対応を誤れば交戦に発展! 第2ラウンドに入った「レーダー照射事件」
昨年12月20日に日本海で発生した韓国駆逐艦による日本の哨戒機(P-1)への火器管制レーダー照射事件をめぐる「紛争」が再燃しつつある。
「照射した、していない」「低空飛行した、していない」の日韓の応酬は水掛け論で終わったが、今度は、日本の哨戒機が韓国の艦艇に接近した際の強硬な対応マニュアルを巡って韓国が日本に「通知した、していない」で騒動となっている。
事の発端は読売新聞が今月22日付で「レーダー照射を警告する韓国軍の新指針、安保協力に影を落とす」との見出しで、韓国海軍艦艇から3カイリ(約5・5キロ)以内に近付いた軍用機には火器管制用レーダーを照射して警告するという内容の対応マニュアル(新指針)を韓国国防部が日本側に伝えていたと報じたことによる。
韓国側のマニュアルはどうやら今年1月23日、日本の韓国駐在武官を呼び出した際に通知されていたようだが、今月10~11日に非公開で行われた日韓実務協議で日本が抗議し、撤回を求めていた事実が日本で明るみになったことに狼狽したのか、国防部の韓国マスコミへの対応は二転、三転した。
午前には「対応マニュアルを通知したことはない」と説明していたが、3時間後の午後のブリーフィングでは「軍事的措置と基調については説明した」と軌道修正した。そのうえで「日本政府が非公開とすることにした内容を公開したことに遺憾を表する」と怒りを露わにしていた。
「偶発的衝突防止のための軍事的措置と基調については説明した事実はある」が、「作戦の細部手続きなど対応マニュアルを通知した覚えはない」とは実に曖昧だ。記者から「では、軍事的措置と基調とは何か?」と聞かれると「具体的な内容は安全上明らかにできない」と口を閉ざしてしまった。

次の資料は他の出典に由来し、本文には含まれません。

lemma cyclic_class_segment:
  assumes "0 < j" "j < card S"
  shows "{x\<in>{1..n}. cyclic_label S x = j} = segment n S j"
proof -
  have "finite S" using assms card_gt_0_iff by force
  have "count_below S x mod card S = j \<longleftrightarrow> count_below S x = j" for x
    using count_below_le_card[OF \<open>finite S\<close>, of x] assms
    by (cases "count_below S x = card S") (auto dest: le_neq_implies_less)
  then show ?thesis by (auto simp: cyclic_label_def segment_def)
qed

lemma segment_zero_less_segment_card:
  assumes "finite S" "S \<noteq> {}" "x \<in> segment n S 0" "y \<in> segment n S (card S)"
  shows "x < y"
proof (rule ccontr)
  assume "\<not> x < y"
  then have "count_below S y \<le> count_below S x" by (simp add: count_below_mono[OF assms(1)])
  then show False using assms by (simp add: segment_def card_gt_0_iff)
qed

context bimodule_extension
begin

韓国が問題にしている日本の「低空飛行」(高度150メートル、距離500メートル)が事件後も持続的に行われていることに国防部や合同参謀本部が苛立ち、警告の強度を高めることを検討していたのは紛れもない事実だ。
実際に合同参謀本部は「日本の哨戒機が艦船に低空接近飛行するのは国際慣例に反し、偶発的衝突を招きかねない」として「今後、類似した事件が発生した場合、我々の行動対応指針(マニュアル)に従い、強力に対応する」と国民向けに説明していた。
国防部もまた、明白に「3カイリ以内に日本の哨戒機が威嚇的な低空飛行を行った場合、我々の艦船と人員保護のため火器管制レーダー照射前に警告通信する」と表明していた。
沈勝燮海軍参謀総長に至っては日本海を管轄する海軍第1艦隊司令部を訪問した際に「いかなる状況にも毅然と対処する一方で、必要な時は少しも躊躇せず断固として対応し、海洋主権を死守して国民の生命と財産を保護する本来の任務を全うする必要がある」と訓令していた。
国防部の「行動対応指針」は、外国の哨戒機が韓国艦艇と一定の距離内に進入した時に送りだす警告通信の文面を強化し、艦艇に搭載された対潜水艦探索用リンクス・ヘリコプターを機動し、武器システムを稼動することなどが含まれているが、核心は同盟国である米国以外の哨戒機が韓国の艦艇から3カイリ以内に接近すれば警告通信し、それでも従わない場合、火器管制レーダーを照射することだ。こと日本については、哨戒機が高度150メートル、距離で500m離れて飛行した場合でも警告通信→器管制レーダー稼働→警告射撃で対応する方針のようだ。
日本は韓国が問題にしている「威嚇的な低空飛行」について「自国の排他的経済水域(EEZ)内に艦船がいれば、ある程度接近して艦番号や装備の状況を確認するのは当然だ。戦闘機ならまだしも、丸腰の哨戒機が高度150メートル、距離で500m離れて飛行したことで駆逐艦は脅威に感じるのだろうか」と疑問を呈し、韓国に対して「友好国に向けた火器管制レーダーの稼動は国際慣例にも反する」として撤回を要求しているが、韓国は引く気配を見せていない。
一歩対応を誤れば交戦を引き起こしかねないだけに心配の種がまた、一つ増えた。